On his previous solo effort, 2014’s American Interior, Rhys embarked on a musical road trip across the Midwest, retracing the footsteps of an 18th-century ancestor who ventured stateside in search of a mythic Welsh-speaking indigenous tribe. Babelsberg is another journey through the American landscape, but it forsakes speculative history to survey the nation’s current condition. Lyrically speaking, the album features some of the most sobering, spiteful songwriting of Rhys’ career, with little of his trademark whimsy to cut through the black-sky mood. If its omnipresent, string-swaddled arrangements (courtesy of the BBC National Orchestra of Wales) initially feel like a soothing antidote to the bleak subject matter, they also serve an equally provocative purpose.

After all, the plush, countrypolitan sound they create is evocative of the bygone America to which so many MAGA-hat ideologues desperately want to revert. With Babelsberg, Rhys effectively delivers that crowd a flaming pile of dog shit encased in a rhinestone-studded jewelry box. The messenger arrives in the form of “Frontier Man,” the kind of smooth, harmony-rich cowpoke serenade you could imagine raising the curtains at the Grand Ole Opry in 1968. But when Rhys croons, “On the frontier of delusion/I’m your foremost frontier man,” he invokes the all-American outlaw archetype less as a model of valor and independence than as an example of pigheaded persistence in the face of contrary evidence.

Just as “Frontier Man” savors the friction between its medium and its message, much of Babelsberg lays on the symphonic opulence to conjure the shaky-handed unease of our times: After barreling out of the gates with a frantic gallop, “Oh Dear!” free-falls into the orchestra pit as Rhys shouts out the ominous title like a drowning victim begging for a life preserver. “Architecture of Amnesia,” meanwhile, uses its chamber-prog grandeur as a cudgel, with Rhys mounting a war march against “bigots” who hide behind the “blue birds” of social media to spew their hate. But even the album’s prettiest, most serene moments simmer with external tensions. “Drones in the City” is a gorgeous ambient ballad that has Rhys ruminating on the ambiguous meaning of “drones” and how their connotations—annoying remote-controlled gizmo vs. stealth killing machine—differ depending on where you are in the world. But in its final minute, the song’s burbling bassline accelerates as though it’s about to flatline, briefly transforming the album’s most splendorous song into its most anxious.

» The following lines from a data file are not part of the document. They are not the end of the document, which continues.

(* 1. If an infinite binary word $w$ is uniformly recurrent and of bounded width, then $w$ is bounded weak abelian periodic. 2. There exists an infinite binary uniformly recurrent word which is weak abelian periodic but not of bounded width.
   Context: For a finite word $u$, $|u|_a$ is the number of occurrences of the letter $a$ in $u$, and $\rho_a(u)=|u|_a/|u|$ for nonempty $u$. An infinite word $w$ over a finite alphabet $\Sigma$ is weak abelian periodic (WAP) if $w=v_0v_1v_2\cdots$ with $v_0$ finite and $v_1,v_2,\dots$ nonempty finite words such that $\rho_a(v_i)=\rho_a(v_j)$ for all $a\in\Sigma$ and all $i,j\ge1$; it is bounded WAP if such a factorization exists with $|v_i|\le C$ for all $i$, for some constant $C$. An infinite word is uniformly recurrent if every factor occurs infinitely often and with bounded gaps between consecutive occurrences. The graphic $g_w$ of a binary word $w=w_1w_2\cdots$ is the piecewise linear function with $g_w(n)=|w_1\cdots w_n|_1-|w_1\cdots w_n|_0$ for integers $n\ge0$ and linear in between (steps $(1,-1)$ for $0$ and $(1,1)$ for $1$). A binary infinite word $w$ is of bounded width if there exist rationals $a,b_1,b_2$ with $ax+b_1\le g_w(x)\le ax+b_2$ for all $x\ge0$. *)

theory Defs
  imports Complex_Main
begin

text \<open>Infinite words over an alphabet 'a are functions nat => 'a (positions 0,1,2,...).
  Binary words are words over bool, the letter 1 being True and 0 being False.\<close>

definition cnt :: "(nat \<Rightarrow> 'a) \<Rightarrow> 'a \<Rightarrow> nat \<Rightarrow> nat \<Rightarrow> nat" where
  "cnt w a m n = card {k. m \<le> k \<and> k < n \<and> w k = a}"

text \<open>A factorization w = v0 v1 v2 ... is given by strictly increasing cut points p:
  v0 = w[0, p 0), and v(i+1) = w[p i, p (Suc i)) (nonempty since p is strictly increasing).\<close>
definition WAP :: "(nat \<Rightarrow> 'a) \<Rightarrow> bool" where
  "WAP w \<longleftrightarrow> (\<exists>p. strict_mono p \<and>
     (\<forall>a i j. real (cnt w a (p i) (p (Suc i))) / real (p (Suc i) - p i)
             = real (cnt w a (p j) (p (Suc j))) / real (p (Suc j) - p j)))"

definition bounded_WAP :: "(nat \<Rightarrow> 'a) \<Rightarrow> bool" where
  "bounded_WAP w \<longleftrightarrow> (\<exists>p C. strict_mono p \<and>
     (\<forall>a i j. real (cnt w a (p i) (p (Suc i))) / real (p (Suc i) - p i)
             = real (cnt w a (p j) (p (Suc j))) / real (p (Suc j) - p j)) \<and>
     (\<forall>i. p (Suc i) - p i \<le> C))"

definition occurs_at :: "(nat \<Rightarrow> 'a) \<Rightarrow> 'a list \<Rightarrow> nat \<Rightarrow> bool" where
  "occurs_at w u i \<longleftrightarrow> (\<forall>j < length u. w (i + j) = u ! j)"

definition is_factor :: "(nat \<Rightarrow> 'a) \<Rightarrow> 'a list \<Rightarrow> bool" where
  "is_factor w u \<longleftrightarrow> (\<exists>i. occurs_at w u i)"

definition uniformly_recurrent :: "(nat \<Rightarrow> 'a) \<Rightarrow> bool" where
  "uniformly_recurrent w \<longleftrightarrow> (\<forall>u. is_factor w u \<longrightarrow>
     infinite {i. occurs_at w u i} \<and>
     (\<exists>C. \<forall>i. occurs_at w u i \<longrightarrow> (\<exists>k. i < k \<and> k \<le> i + C \<and> occurs_at w u k)))"

definition graphic_nat :: "(nat \<Rightarrow> bool) \<Rightarrow> nat \<Rightarrow> int" where
  "graphic_nat w n = int (cnt w True 0 n) - int (cnt w False 0 n)"

text \<open>Piecewise linear interpolation, for x >= 0.\<close>
definition graphic :: "(nat \<Rightarrow> bool) \<Rightarrow> real \<Rightarrow> real" where
  "graphic w x = (let n = nat \<lfloor>x\<rfloor> in
     of_int (graphic_nat w n) + (x - real n) * of_int (graphic_nat w (Suc n) - graphic_nat w n))"

definition bounded_width :: "(nat \<Rightarrow> bool) \<Rightarrow> bool" where
  "bounded_width w \<longleftrightarrow> (\<exists>a b1 b2 :: rat. \<forall>x :: real. x \<ge> 0 \<longrightarrow>
     of_rat a * x + of_rat b1 \<le> graphic w x \<and> graphic w x \<le> of_rat a * x + of_rat b2)"
(* Let $T$ be a countable tree without leaves, with root $o$, and let $P$ be a stochastic nearest neighbour transition matrix on $T$ as described in the context. Let $\lambda\in\mathrm{res}^*(P)$ and let $\nu$ be a complex distribution on $\{\partial T_x : x\in T\}$. Define $$h(x)=\int_{\partial T}K(x,\xi\mid\lambda)\,d\nu(\xi),\qquad x\in T.$$ Then $h$ is $\lambda$-harmonic, i.e. $Ph=\lambda h$, where for every $x$ the sum defining $Ph(x)$ converges absolutely. Moreover, for $x\in T$ with geodesic $\pi(o,x)=[o=x_0,x_1,\dots,x_k=x]$, $$h(x)=\sum_{i=0}^{k-1}K(x,x_i\mid\lambda)\bigl(\nu(\partial T_{x_i})-\nu(\partial T_{x_{i+1}})\bigr)+K(x,x\mid\lambda)\,\nu(\partial T_x)$$ $$=K(x,o\mid\lambda)\,\nu(\partial T)+\sum_{i=1}^{k}\bigl(K(x,x_i\mid\lambda)-K(x,x_{i-1}\mid\lambda)\bigr)\nu(\partial T_{x_i}).$$
   Context: $T$ is a countable tree; vertices may have countably infinite degree, and no vertex has degree $1$. Write $x\sim y$ for neighbours. $P=(p(x,y))_{x,y\in T}$ is stochastic with $p(x,y)>0$ iff $x\sim y$, and $Pf(x)=\sum_y p(x,y)f(y)$, which is required to converge absolutely. A function $h:T\to\mathbb{C}$ is $\lambda$-harmonic if $Ph=\lambda h$. Spectral data: $p^{(n)}(x,y)$ is the $(x,y)$-entry of $P^n$, and $\rho=\limsup_n p^{(n)}(x,y)^{1/n}$ (independent of $x,y$). Fix the root $o$. For $x\in T$ with geodesic $[o=x_0,\dots,x_k=x]$, set $\mathsf m(x)=\prod_{i=1}^k p(x_{i-1},x_i)/p(x_i,x_{i-1})$. Then $P$ is a bounded self-adjoint operator on $\ell^2(T,\mathsf m)$ with spectrum $\mathrm{spec}(P)\subset[-\rho,\rho]$. Put $\mathrm{res}(P)=\mathbb{C}\setminus\mathrm{spec}(P)$. For $\lambda\in\mathrm{res}(P)$ define the Green function $G(x,y\mid\lambda)=\bigl((\lambda I-P)^{-1}\mathbf 1_y\bigr)(x)$; for $|\lambda|>\rho$ this equals $\sum_{n\ge0}p^{(n)}(x,y)\lambda^{-n-1}$. Let $\mathrm{res}^*(P)=\{\lambda\in\mathrm{res}(P): G(x,x\mid\lambda)\neq0\text{ for all }x\in T\}$. Boundary: an end is an equivalence class of geodesic rays, two rays being equivalent if they differ in finitely many initial vertices; $\partial T$ is the set of ends. For $x\in T$ and $w\in T\cup\partial T$, $\pi(x,w)$ is the geodesic from $x$ to $w$. The confluent $x\wedge w$ is the last common vertex of $\pi(o,x)$ and $\pi(o,w)$, and $|x|=d(o,x)$. For $x\ne o$, $x^-$ is the neighbour of $x$ closer to $o$. $T_x=\{w\in T: x\in\pi(o,w)\}$ with $T_o=T$, and $\partial T_x$ is the set of ends having a representative ray in $T_x$. The $\lambda$-Martin kernel is $K(x,w\mid\lambda)=G(x,x\wedge w\mid\lambda)/G(o,x\wedge w\mid\lambda)$ for $x\in T$, $w\in T\cup\partial T$. A complex distribution is a map $\nu:\{\partial T_x:x\in T\}\to\mathbb{C}$ with $\nu(\partial T_x)=\sum_{y:\,y^-=x}\nu(\partial T_y)$ for every $x$, the sum converging absolutely. Integral: call $\varphi:\partial T\to\mathbb{C}$ locally constant if there is a finite subtree $\tau\ni o$ such that, for each $x\in\tau$, $\varphi$ takes a constant value $\varphi_x$ on $\partial T_x\setminus\bigcup_{y\in S_\tau(x)}\partial T_y$, where $S_\tau(x)=\{y\in\tau:y^-=x\}$. Then $\int_{\partial T}\varphi\,d\nu=\sum_{x\in\tau}\varphi_x\bigl(\nu(\partial T_x)-\sum_{y\in S_\tau(x)}\nu(\partial T_y)\bigr)$, which does not depend on the choice of $\tau$. For fixed $x$, the function $\xi\mapsto K(x,\xi\mid\lambda)$ is locally constant. *)

theory Defs
  imports "HOL-Analysis.Analysis"
begin
lemma lambda_max_nonneg:
  "spd IV \<Longrightarrow> spd IQ \<Longrightarrow> 0 \<le> lambda_max (matrix_inv IQ ** B ** matrix_inv IV ** transpose B)"
  by (metis real_eigenvalue_dominates_quadratic_form real_eigenvalue_le_lambda_max order_trans)

lemma mnorm_matrix_inv_mult_le:
  fixes B :: "real^'m^'n" and IV :: "real^'m^'m" and IQ :: "real^'n^'n"
  assumes IV: "spd IV" and IQ: "spd IQ"
  shows "mnorm IQ (matrix_inv IQ *v (B *v w))
    \<le> sqrt (lambda_max (matrix_inv IQ ** B ** matrix_inv IV ** transpose B)) * mnorm IV w"
proof -
  obtain \<mu> where eig: "real_eigenvalue (matrix_inv IQ ** B ** matrix_inv IV ** transpose B) \<mu>"
    and bound: "(matrix_inv IQ *v (B *v w)) \<bullet> (B *v w) \<le> \<mu> * ((IV *v w) \<bullet> w)"
    using real_eigenvalue_dominates_quadratic_form[OF IV IQ] by metis
  have "mnorm IQ (matrix_inv IQ *v (B *v w)) = sqrt ((matrix_inv IQ *v (B *v w)) \<bullet> (B *v w))"
    by (simp add: mnorm_def spd_matrix_inv_cancel(1)[OF IQ] inner_commute)
  also have "\<dots> \<le> sqrt (lambda_max (matrix_inv IQ ** B ** matrix_inv IV ** transpose B) * ((IV *v w) \<bullet> w))"
    using order_trans[OF bound mult_right_mono[OF real_eigenvalue_le_lambda_max[OF eig]
          spd_quadratic_form_nonneg[OF IV]]]
    by simp
  also have "\<dots> = sqrt (lambda_max (matrix_inv IQ ** B ** matrix_inv IV ** transpose B)) * mnorm IV w"
    by (simp add: mnorm_def real_sqrt_mult)
  finally show ?thesis .
qed

text \<open>Only the Lipschitz bounds for e and grad hB enter.\<close>

theorem lemma3p3:
  fixes B :: "real^'m^'n"
    and f :: "real^'m \<Rightarrow> real" and h :: "real^'n \<Rightarrow> real"
    and IV :: "real^'m^'m" and IQ :: "real^'n^'n"
    and e :: "real^'m \<Rightarrow> real^'m" and hB :: "real^'n \<Rightarrow> real"
    and Gu :: "real^'m \<Rightarrow> real^'n \<Rightarrow> real^'m"
    and Gp :: "real^'m \<Rightarrow> real^'n \<Rightarrow> real^'n"
    and Lf LhB Le LS :: real
  assumes f_diff: "\<And>u. f differentiable (at u)"
    and h_diff: "\<And>p. h differentiable (at p)"
    and IV_spd: "spd IV" and IQ_spd: "spd IQ"
    and e_def: "\<And>u. e u = u - matrix_inv IV *v grad f u"
    and hB_def: "\<And>p. hB p = h p + 1/2 * (((B ** matrix_inv IV ** transpose B) *v p) \<bullet> p)"
    and Gu_def: "\<And>u p. Gu u p = - (matrix_inv IV *v (grad f u + transpose B *v p))"
    and Gp_def: "\<And>u p. Gp u p = - (matrix_inv IQ *v (grad hB p - B *v e u))"
    and f_lip: "\<And>u1 u2. mnorm (matrix_inv IV) (grad f u1 - grad f u2) \<le> Lf * mnorm IV (u1 - u2)"
    and hB_lip: "\<And>p1 p2. mnorm (matrix_inv IQ) (grad hB p1 - grad hB p2) \<le> LhB * mnorm IQ (p1 - p2)"
    and e_lip: "\<And>u1 u2. mnorm IV (e u1 - e u2) \<le> Le * mnorm IV (u1 - u2)"
    and LS_def: "LS = sqrt (lambda_max (matrix_inv IQ ** B ** matrix_inv IV ** transpose B))"
  shows "\<forall>u1 u2 p1 p2.
           let v1 = u1 + matrix_inv IV *v (transpose B *v p1);
               v2 = u2 + matrix_inv IV *v (transpose B *v p2)
           in mnorm IV (Gu u1 p1 - Gu u2 p2) \<le> Le * mnorm IV (u1 - u2) + mnorm IV (v1 - v2)
            \<and> mnorm IQ (Gp u1 p1 - Gp u2 p2) \<le> Le * LS * mnorm IV (u1 - u2) + LhB * mnorm IQ (p1 - p2)"
proof (intro allI)
  fix u1 u2 :: "real^'m" and p1 p2 :: "real^'n"
  let ?Qi = "matrix_inv IQ"
  define v1 where "v1 = u1 + matrix_inv IV *v (transpose B *v p1)"
  define v2 where "v2 = u2 + matrix_inv IV *v (transpose B *v p2)"
  have "Gu u1 p1 - Gu u2 p2 = (e u1 - e u2) - (v1 - v2)"
    by (simp add: Gu_def e_def v1_def v2_def matrix_vector_right_distrib algebra_simps)
  then have Gu_bound: "mnorm IV (Gu u1 p1 - Gu u2 p2) \<le> Le * mnorm IV (u1 - u2) + mnorm IV (v1 - v2)"
    using mnorm_diff_le[OF IV_spd, of "e u1 - e u2" "v1 - v2"] e_lip[of u1 u2] by simp
  have "Gp u1 p1 - Gp u2 p2 = ?Qi *v (B *v (e u1 - e u2)) - ?Qi *v (grad hB p1 - grad hB p2)"
    by (simp add: Gp_def algebra_simps)
  then have "mnorm IQ (Gp u1 p1 - Gp u2 p2)
      \<le> mnorm IQ (?Qi *v (B *v (e u1 - e u2))) + mnorm IQ (?Qi *v (grad hB p1 - grad hB p2))"
    using mnorm_diff_le[OF IQ_spd] by metis
  also have "\<dots> \<le> LS * (Le * mnorm IV (u1 - u2)) + LhB * mnorm IQ (p1 - p2)"
  proof (rule add_mono)
    have "0 \<le> LS" using lambda_max_nonneg[OF IV_spd IQ_spd] by (simp add: LS_def)
    then show "mnorm IQ (?Qi *v (B *v (e u1 - e u2))) \<le> LS * (Le * mnorm IV (u1 - u2))"
      using mnorm_matrix_inv_mult_le[OF IV_spd IQ_spd, of B "e u1 - e u2"] e_lip[of u1 u2]
      by (simp add: LS_def order_trans mult_left_mono)
    show "mnorm IQ (?Qi *v (grad hB p1 - grad hB p2)) \<le> LhB * mnorm IQ (p1 - p2)"
      using hB_lip[of p1 p2] by (simp add: mnorm_matrix_inv[OF IQ_spd])
  qed
  finally have Gp_bound: "mnorm IQ (Gp u1 p1 - Gp u2 p2) \<le> Le * LS * mnorm IV (u1 - u2) + LhB * mnorm IQ (p1 - p2)"
    by (simp add: mult_ac)
  show "let v1 = u1 + matrix_inv IV *v (transpose B *v p1);
               v2 = u2 + matrix_inv IV *v (transpose B *v p2)
           in mnorm IV (Gu u1 p1 - Gu u2 p2) \<le> Le * mnorm IV (u1 - u2) + mnorm IV (v1 - v2)
            \<and> mnorm IQ (Gp u1 p1 - Gp u2 p2) \<le> Le * LS * mnorm IV (u1 - u2) + LhB * mnorm IQ (p1 - p2)"
    using Gu_bound Gp_bound by (simp add: v1_def v2_def Let_def)
qed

For all its lavish instrumentation and weighty subtext, however, Babelsberg never overwhelms Rhys’ preternatural gift for writing swoon-worthy melodies. “Limited Edition Heart” and “Negative Vibes” are among the finest, most impassioned songs he’s ever crafted—defiant soft-rock salvos that position a warm embrace as armor against the world crumbling around us. And if we are truly doomed, Rhys offers the grim reassurance that we’re too narcissistic to notice. Atop the chipper, ivory-tickling saunter of “Selfies in the Sunset,” Rhys and guest vocalist Lily Cole sardonically serenade each other about posing for a few last snaps in front of a “blazing red” mushroom-cloud backdrop, milking the apocalypse for Instagram likes. In the unsettled universe of Babelsberg, this is the way the world ends—not with a bang but a self-satisfied finger tap.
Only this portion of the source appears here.